# Jackson MI High Kill shelter



## ruby55 (Mar 24, 2009)

http://www.petfinder.com/petdetail/18571490

Is there anyone from GRRoM or GRIN on today? Please check it out.


----------



## mylissyk (Feb 25, 2007)

Please go ahead and email the PF post to the rescues groups! You can find their contact info here:

National Rescue Committee of the Golden Retriever Club of America


----------



## RachelsGoldens (Jan 23, 2011)

Golden Retriever Rescue Resource has already called. I am in Battle Creek, MI even though we show up in Toledo.

Thanks,

Rachel


----------



## Elisabeth Kazup (Aug 23, 2008)

Does he need to be pulled tomorrow morning?
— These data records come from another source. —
(* Let $\phi\colon\mathbb{N}\to(0,\infty)$ be a non-decreasing function and let $$M(\phi)=\{x\in\mathbb{I}\colon M_n(x)\ge\phi(n)\text{ for infinitely many }n\}.$$ Then $\mathcal{L}(M(\phi))=1$ if $\sum_{n=1}^\infty\frac{1}{\phi(n)}=\infty$, and $\mathcal{L}(M(\phi))=0$ if $\sum_{n=1}^\infty\frac{1}{\phi(n)}<\infty$.
   Context: $\mathcal{L}$ is Lebesgue measure on $(0,1)$, $\mathbb{I}=(0,1)\setminus\mathbb{Q}$. Signed Engel expansion: define $T\colon[0,1)\to[0,1)$ by: for $k\in\mathbb{N}$, $Tx=\lceil 1/x\rceil x-1$ if $x\in(\frac{1}{2k},\frac{1}{2k-1})$; $Tx=1-\lfloor 1/x\rfloor x$ if $x\in(\frac{1}{2k+1},\frac{1}{2k})$; $Tx=0$ if $x\in\{0\}\cup\{1/n\colon n\ge 2\}$. For $x\in(0,1)$, $d_1(x)=\lceil 1/x\rceil$ if $x\in[\frac{1}{2k},\frac{1}{2k-1})$ for some $k\in\mathbb{N}$, and $d_1(x)=\lfloor 1/x\rfloor$ if $x\in[\frac{1}{2k+1},\frac{1}{2k})$ for some $k\in\mathbb{N}$; $d_{n+1}(x)=d_1(T^nx)$. For $x\in\mathbb{I}$, $R_1(x)=d_1(x)$, $R_n(x)=d_n(x)/d_{n-1}(x)$ for $n\ge2$, and $M_n(x)=\max\{R_k(x)\colon 1\le k\le n\}$. *)

theory Defs
  imports "HOL-Analysis.Analysis"
begin

definition SE_T :: "real \<Rightarrow> real" where
  "SE_T x =
     (if \<exists>k::nat. k \<ge> 1 \<and> 1 / real (2*k) < x \<and> x < 1 / real (2*k - 1)
      then real_of_int (ceiling (1/x)) * x - 1
      else if \<exists>k::nat. k \<ge> 1 \<and> 1 / real (2*k + 1) < x \<and> x < 1 / real (2*k)
      then 1 - real_of_int (floor (1/x)) * x
      else 0)"

definition SE_d1 :: "real \<Rightarrow> int" where
  "SE_d1 x =
     (if \<exists>k::nat. k \<ge> 1 \<and> 1 / real (2*k) \<le> x \<and> x < 1 / real (2*k - 1)
      then ceiling (1/x)
      else floor (1/x))"

definition SE_d :: "nat \<Rightarrow> real \<Rightarrow> int" where
  "SE_d n x = SE_d1 ((SE_T ^^ (n - 1)) x)"

definition SE_R :: "nat \<Rightarrow> real \<Rightarrow> real" where
  "SE_R n x = (if n = 1 then real_of_int (SE_d 1 x)
               else real_of_int (SE_d n x) / real_of_int (SE_d (n - 1) x))"

definition SE_M :: "nat \<Rightarrow> real \<Rightarrow> real" where
  "SE_M n x = Max ((\<lambda>k. SE_R k x) ` {1..n})"

definition M_set :: "(nat \<Rightarrow> real) \<Rightarrow> real set" where
  "M_set \<phi> = {x \<in> {0<..<1} - \<rat>. infinite {n. n \<ge> 1 \<and> SE_M n x \<ge> \<phi> n}}"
I'm 20 minutes away.


----------



## mylissyk (Feb 25, 2007)

I got this response from Great Lakes GRR :

_We contacted them three days ago and are moving him Friday after his neuter..._

_Wendy Mickle, CIC_
_Intake Coordinator_
_Great Lakes Golden Retriever Rescue_


----------



## Elisabeth Kazup (Aug 23, 2008)

Okay, that's great. Keep me in mind if you come across others.


----------



## Karen519 (Aug 21, 2006)

*So Glad*

So glad that Great Lakes Golden Ret. Rescue is getting him tomorrow.
Beautiful Boy!


----------